Хауден опустился в кресло возле камина. «Разожги его, будь добр»,— сказал он Ричардсону, указывая на камин, где уже были приготовлены дрова. Чиркнув спичкой по коробку, Ричардсон подержал огонек в ладонях, давая ему разгореться, затем наклонился и сунул спичку под кучу березовой коры. Через некоторое время показалось пламя.

В другом конце комнаты Маргарет разговаривала по внутреннему телефону, заказывая чай.

Успокоившись, Хаудек продолжил:

— Я и не думал, что дела обстоят так плохо.

— Хуже некуда, просто удручающе скверно. Письма не перестают поступать, а телеграммы сыпаться, и все против нас.— Вторя спокойному тону премьер-министра, он спросил: — А что вы скажете на предложение отложить завтрашнее оглашение союзного договора?

— Об этом не может быть и речи.

— Я предупреждаю: мы не готовы к выборам.

— Обязаны быть готовы. Мы должны пойти на риск.

— И проиграть?

— Соглашение о союзе важно для выживания Канады. Если это хорошо объяснить людям, они поймут.

— Разве? А не помешает ли им понять это ваша позиция в деле Дюваля?

Готовый вспылить, Хауден сдержался. Вопрос все же не лишен логики, подумал он, и кроющееся в нем предположение вполне может осуществиться.

Потеря популярности из-за Дюваля могла послужить причиной поражения правительства при обсуждении в парламенте вопроса о союзном договоре. Впервые такая опасность встала перед Хауденом со всей определенностью.

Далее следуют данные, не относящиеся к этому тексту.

lemma intersection_number_bounds:
  fixes k lam mu b1 s :: real
  assumes "0 < mu" "0 \<le> lam" "0 \<le> b1" "b1 + lam < k" "0 < s" "s \<le> b1 / mu"
  shows "min lam mu < k / (1 + s)" and "mu < k / s"
proof -
  let ?m = "min lam mu"
  have "?m * s \<le> ?m * (b1 / mu)"
    using assms(1,2,6) by (intro mult_left_mono) auto
  also have "\<dots> \<le> mu * (b1 / mu)"
    using assms(1,3) by (intro mult_right_mono) auto
  finally have "?m * (1 + s) < k"
    using assms(1,4) by (simp add: algebra_simps)
  then show "?m < k / (1 + s)"
    using assms(5) by (simp add: pos_less_divide_eq)
  have "mu * s < k"
    using mult_left_mono[OF assms(6), of mu] assms(1,2,4) by simp
  then show "mu < k / s"
    using assms(5) by (simp add: pos_less_divide_eq)
qed

section \<open>Distance-regular graphs\<close>

locale distance_regular_graph =
  fixes V :: "'a set" and E :: "'a \<Rightarrow> 'a \<Rightarrow> bool" and a b c :: "nat \<Rightarrow> nat"
  assumes distance_regular: "distance_regular V E a b c"
begin

lemma simple: "simple_graph V E"
  and connected: "connected_graph V E"
  using distance_regular by (simp_all add: distance_regular_def)

lemma finite_V: "finite V"
  and V_nonempty: "V \<noteq> {}"
  and adj_sym: "v \<in> V \<Longrightarrow> w \<in> V \<Longrightarrow> E v w \<longleftrightarrow> E w v"
  and adj_irrefl: "v \<in> V \<Longrightarrow> \<not> E v v"
  using simple by (simp_all add: simple_graph_def)

lemma c_count: "v \<in> V \<Longrightarrow> w \<in> V \<Longrightarrow>
    card {u \<in> V. E w u \<and> gdist V E v u + 1 = gdist V E v w} = c (gdist V E v w)"
  and a_count: "v \<in> V \<Longrightarrow> w \<in> V \<Longrightarrow>
    card {u \<in> V. E w u \<and> gdist V E v u = gdist V E v w} = a (gdist V E v w)"
  and b_count: "v \<in> V \<Longrightarrow> w \<in> V \<Longrightarrow>
    card {u \<in> V. E w u \<and> gdist V E v u = gdist V E v w + 1} = b (gdist V E v w)"
  using distance_regular by (simp_all add: distance_regular_def)

lemma gdist_adj_iff: "v \<in> V \<Longrightarrow> w \<in> V \<Longrightarrow> gdist V E v w = 1 \<longleftrightarrow> E v w"
  using gdist_adj[OF simple connected] gdist_eq_1_imp_adj[OF connected] by blast

lemma card_neighbours: "w \<in> V \<Longrightarrow> card {u \<in> V. E w u} = b 0"
  using b_count[of w w] gdist_adj_iff by (simp cong: conj_cong)

lemma finite_distances: "finite {gdist V E v w | v w. v \<in> V \<and> w \<in> V}"
proof -
  have "{gdist V E v w | v w. v \<in> V \<and> w \<in> V} = case_prod (gdist V E) ` (V \<times> V)"
    by auto
  then show ?thesis
    using finite_V by simp
qed

lemma gdist_le_diameter: "v \<in> V \<Longrightarrow> w \<in> V \<Longrightarrow> gdist V E v w \<le> diameter V E"
  unfolding diameter_def by (rule Max_ge[OF finite_distances]) auto

lemma exists_gdist_eq:
  assumes "j \<le> diameter V E"
  obtains v w where "v \<in> V" "w \<in> V" "gdist V E v w = j"
proof -
  have "diameter V E \<in> {gdist V E v w | v w. v \<in> V \<and> w \<in> V}"
    unfolding diameter_def by (rule Max_in[OF finite_distances]) (use V_nonempty in auto)
  then obtain v w where "v \<in> V" "w \<in> V" "j \<le> gdist V E v w"
    using assms by auto
  with gdist_split[OF connected] that show ?thesis
    by metis
qed

lemma c2_le_c:
  assumes "v \<in> V" "w \<in> V" "2 \<le> gdist V E v w"
  shows "c 2 \<le> c (gdist V E v w)"
proof -
  obtain x where x: "x \<in> V" "gdist V E v x = gdist V E v w - 2" "gdist V E x w = 2"
    using gdist_split[OF connected assms(1,2) diff_le_self] assms(3) by (metis diff_diff_cancel)
  have "{u \<in> V. E w u \<and> gdist V E x u + 1 = gdist V E x w} \<subseteq>
        {u \<in> V. E w u \<and> gdist V E v u + 1 = gdist V E v w}"
  proof safe
    fix u assume u: "u \<in> V" "E w u" "gdist V E x u + 1 = gdist V E x w"
    have "gdist V E v u \<le> gdist V E v x + gdist V E x u"
      using gdist_triangle[OF connected assms(1) x(1) u(1)] .
    moreover have "gdist V E v w \<le> gdist V E v u + gdist V E u w"
      using gdist_triangle[OF connected assms(1) u(1) assms(2)] .
    moreover have "gdist V E u w = 1"
      using gdist_adj_iff adj_sym u(1,2) assms(2) by blast
    ultimately show "gdist V E v u + 1 = gdist V E v w"
      using x u(3) assms(3) by linarith
  qed
  from card_mono[OF _ this] show ?thesis
    using finite_V c_count[OF x(1) assms(2)] c_count[OF assms(1,2)] x(3)
    by simp
qed

lemma b_le_b1:
  assumes "v \<in> V" "w \<in> V" "1 \<le> gdist V E v w"
  shows "b (gdist V E v w) \<le> b 1"
proof -
  obtain x where x: "x \<in> V" "gdist V E v x = gdist V E v w - 1" "gdist V E x w = 1"
    using gdist_split[OF connected assms(1,2) diff_le_self] assms(3) by (metis diff_diff_cancel)
  have "{u \<in> V. E w u \<and> gdist V E v u = gdist V E v w + 1} \<subseteq>
        {u \<in> V. E w u \<and> gdist V E x u = gdist V E x w + 1}"
  proof safe
    fix u assume u: "u \<in> V" "E w u" "gdist V E v u = gdist V E v w + 1"
    have "gdist V E v u \<le> gdist V E v x + gdist V E x u"
      using gdist_triangle[OF connected assms(1) x(1) u(1)] .
    moreover have "gdist V E x u \<le> gdist V E x w + gdist V E w u"
      using gdist_triangle[OF connected x(1) assms(2) u(1)] .
    moreover have "gdist V E w u = 1"
      using gdist_adj_iff u(1,2) assms(2) by blast
    ultimately show "gdist V E x u = gdist V E x w + 1"
      using x u(3) assms(3) by linarith
  qed
  from card_mono[OF _ this] show ?thesis
    using finite_V b_count[OF x(1) assms(2)] b_count[OF assms(1,2)] x(3)
    by simp
qed

lemma geodesic_2:
  assumes "2 \<le> diameter V E"
  obtains v x w where "v \<in> V" "x \<in> V" "w \<in> V" "gdist V E v w = 2" "E v x" "E x w"
proof -
  obtain v w where vw: "v \<in> V" "w \<in> V" "gdist V E v w = 2"
    using exists_gdist_eq[OF assms] .
  moreover obtain x where "x \<in> V" "gdist V E v x = 1" "gdist V E x w = 1"
    using gdist_split[OF connected vw(1,2), of 1] vw(3) by auto
  ultimately show ?thesis
    using that gdist_adj_iff by blast
qed

lemma c2_pos:
  assumes "2 \<le> diameter V E"
  shows "0 < c 2"
proof -
  obtain v x w where h: "v \<in> V" "x \<in> V" "w \<in> V" "gdist V E v w = 2" "E v x" "E x w"
    using geodesic_2[OF assms] .
  have "x \<in> {u \<in> V. E w u \<and> gdist V E v u + 1 = gdist V E v w}"
    using h gdist_adj_iff adj_sym by auto
  then show ?thesis
    using c_count[OF h(1,3)] h(4) finite_V card_gt_0_iff by fastforce
qed

lemma b1_a1_less_b0:
  assumes "2 \<le> diameter V E"
  shows "b 1 + a 1 < b 0"
proof -
  obtain v x where h: "v \<in> V" "x \<in> V" "gdist V E v x = 1"
    using geodesic_2[OF assms] gdist_adj_iff by metis
  let ?A = "{u \<in> V. E x u \<and> gdist V E v u = gdist V E v x}"
  let ?B = "{u \<in> V. E x u \<and> gdist V E v u = gdist V E v x + 1}"
  have "card (insert v (?A \<union> ?B)) = card ?A + card ?B + 1"
    using finite_V h(3) by (simp add: card_Un_disjoint disjoint_iff)
  moreover have "card (insert v (?A \<union> ?B)) \<le> card {u \<in> V. E x u}"
    by (rule card_mono) (use finite_V h gdist_adj_iff adj_sym in auto)
  ultimately show ?thesis
    using a_count[OF h(1,2)] b_count[OF h(1,2)] card_neighbours[OF h(2)] h(3) by simp
qed

lemma b0_less_card_V:
  assumes "2 \<le> diameter V E"
  shows "b 0 + 1 < card V"
proof -
  obtain v x w where h: "v \<in> V" "x \<in> V" "w \<in> V" "gdist V E v w = 2" "E v x" "E x w"
    using geodesic_2[OF assms] .
  have "v \<noteq> w" "\<not> E v w" "\<not> E v v"
    using h(4) gdist_adj_iff[OF h(1,3)] adj_irrefl[OF h(1)] by auto
  then have "card (insert v (insert w {u \<in> V. E v u})) = b 0 + 2"
    using card_neighbours[OF h(1)] finite_V by simp
  moreover have "card (insert v (insert w {u \<in> V. E v u})) \<le> card V"
    by (rule card_mono[OF finite_V]) (use h in auto)
  ultimately show ?thesis
    by simp
qed

definition layer :: "'a \<Rightarrow> nat \<Rightarrow> 'a set" where
  "layer v i = {u \<in> V. gdist V E v u = i}"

И не странно ли, не ирония ли судьбы, размышлял он, что такая мелочь, как нелегальный пассажир, может повлиять на ход истории целой нации?

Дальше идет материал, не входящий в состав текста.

lemma derivative_of_exp_functional_equation:
  fixes y :: "complex \<Rightarrow> complex"
  assumes dy: "(y has_field_derivative y') (at x)" and "open S" "x \<in> S"
    and eq: "\<And>z. z \<in> S \<Longrightarrow> exp (y z) = 1 + z * exp (b * y z)"
  shows "y' * (b + (1 - b) * exp (y x)) = exp (b * y x)"
proof -
  have "((\<lambda>z. 1 + z * exp (b * y z)) has_field_derivative exp (y x) * y') (at x)"
    using DERIV_fun_exp[OF dy] \<open>open S\<close> \<open>x \<in> S\<close> eq
    by (rule has_field_derivative_transform_within_open)
  moreover have "((\<lambda>z. 1 + z * exp (b * y z)) has_field_derivative
      exp (b * y x) + x * (exp (b * y x) * (b * y'))) (at x)"
    using dy by (auto intro!: derivative_eq_intros)
  ultimately have "exp (y x) * y' = exp (b * y x) + x * exp (b * y x) * b * y'"
    by (simp add: DERIV_unique mult.assoc)
  then show ?thesis using eq[OF \<open>x \<in> S\<close>] by (simp add: algebra_simps)
qed

theorem mainTheorem11:
  fixes b x :: complex
  assumes "ereal (norm x) < conv_radius (master_coeff 0 1 b)"
  shows "exp (ulog b x) = 1 + x * exp (b * ulog b x) \<and>
         (b + (1 - b) * exp (ulog b x) \<noteq> 0 \<longrightarrow>
           (ulog b has_field_derivative
              exp (b * ulog b x) / (b + (1 - b) * exp (ulog b x))) (at x))"
proof (intro conjI impI)
  define Y where "Y = Abs_fps (master_coeff 0 1 b)"
  define S where "S = eball (0::complex) (conv_radius (master_coeff 0 1 b))"
  have dy: "(ulog b has_field_derivative eval_fps (fps_deriv Y) x) (at x)"
    using assms has_field_derivative_eval_fps[of x Y]
    by (simp add: Y_def ulog_eq_eval_fps fps_conv_radius_def)
  show "exp (ulog b x) = 1 + x * exp (b * ulog b x)"
    using assms by (rule ulog_functional_equation)
  assume "b + (1 - b) * exp (ulog b x) \<noteq> 0"
  moreover have "eval_fps (fps_deriv Y) x * (b + (1 - b) * exp (ulog b x)) = exp (b * ulog b x)"
    using dy by (rule derivative_of_exp_functional_equation[of _ _ _ S])
      (use assms in \<open>auto simp: S_def intro: ulog_functional_equation\<close>)
  ultimately have "exp (b * ulog b x) / (b + (1 - b) * exp (ulog b x)) = eval_fps (fps_deriv Y) x"
    by (metis nonzero_mult_div_cancel_right)
  with dy show "(ulog b has_field_derivative
      exp (b * ulog b x) / (b + (1 - b) * exp (ulog b x))) (at x)"
    by simp
qed

end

Впрочем, что гут странного и такая ли уж это мелочь? На протяжении многих веков именно личности потрясали мир, творили историю, подвигали человечество к просвещению, едва брезжущему в никому неведомом грядущем. Не для того ли появляются в нашей жизни Дювали, чтобы мы смиряли свою гордыню, учились смирению, карабкаясь вверх...

Однако пора заняться практическими делами, и он сказал:

— У нас нет веских причин откладывать оглашение союзного договора. Нам дорог каждый день, который наступит после его заключения. От того, как мы будем использовать время, зависит оборона и выживание Канады. Кроме того, промедление может вызвать утечку информации, способную ухудшить наше положение в политическом плане.

Управляющий партийными делами кивнул:

— Я ждал от вас этих слов, но хотел знать наверняка.

Маргарет присоединилась к ним со словами:

— Я заказала чай. Вы останетесь с нами, Брайен, выпить чашечку чая?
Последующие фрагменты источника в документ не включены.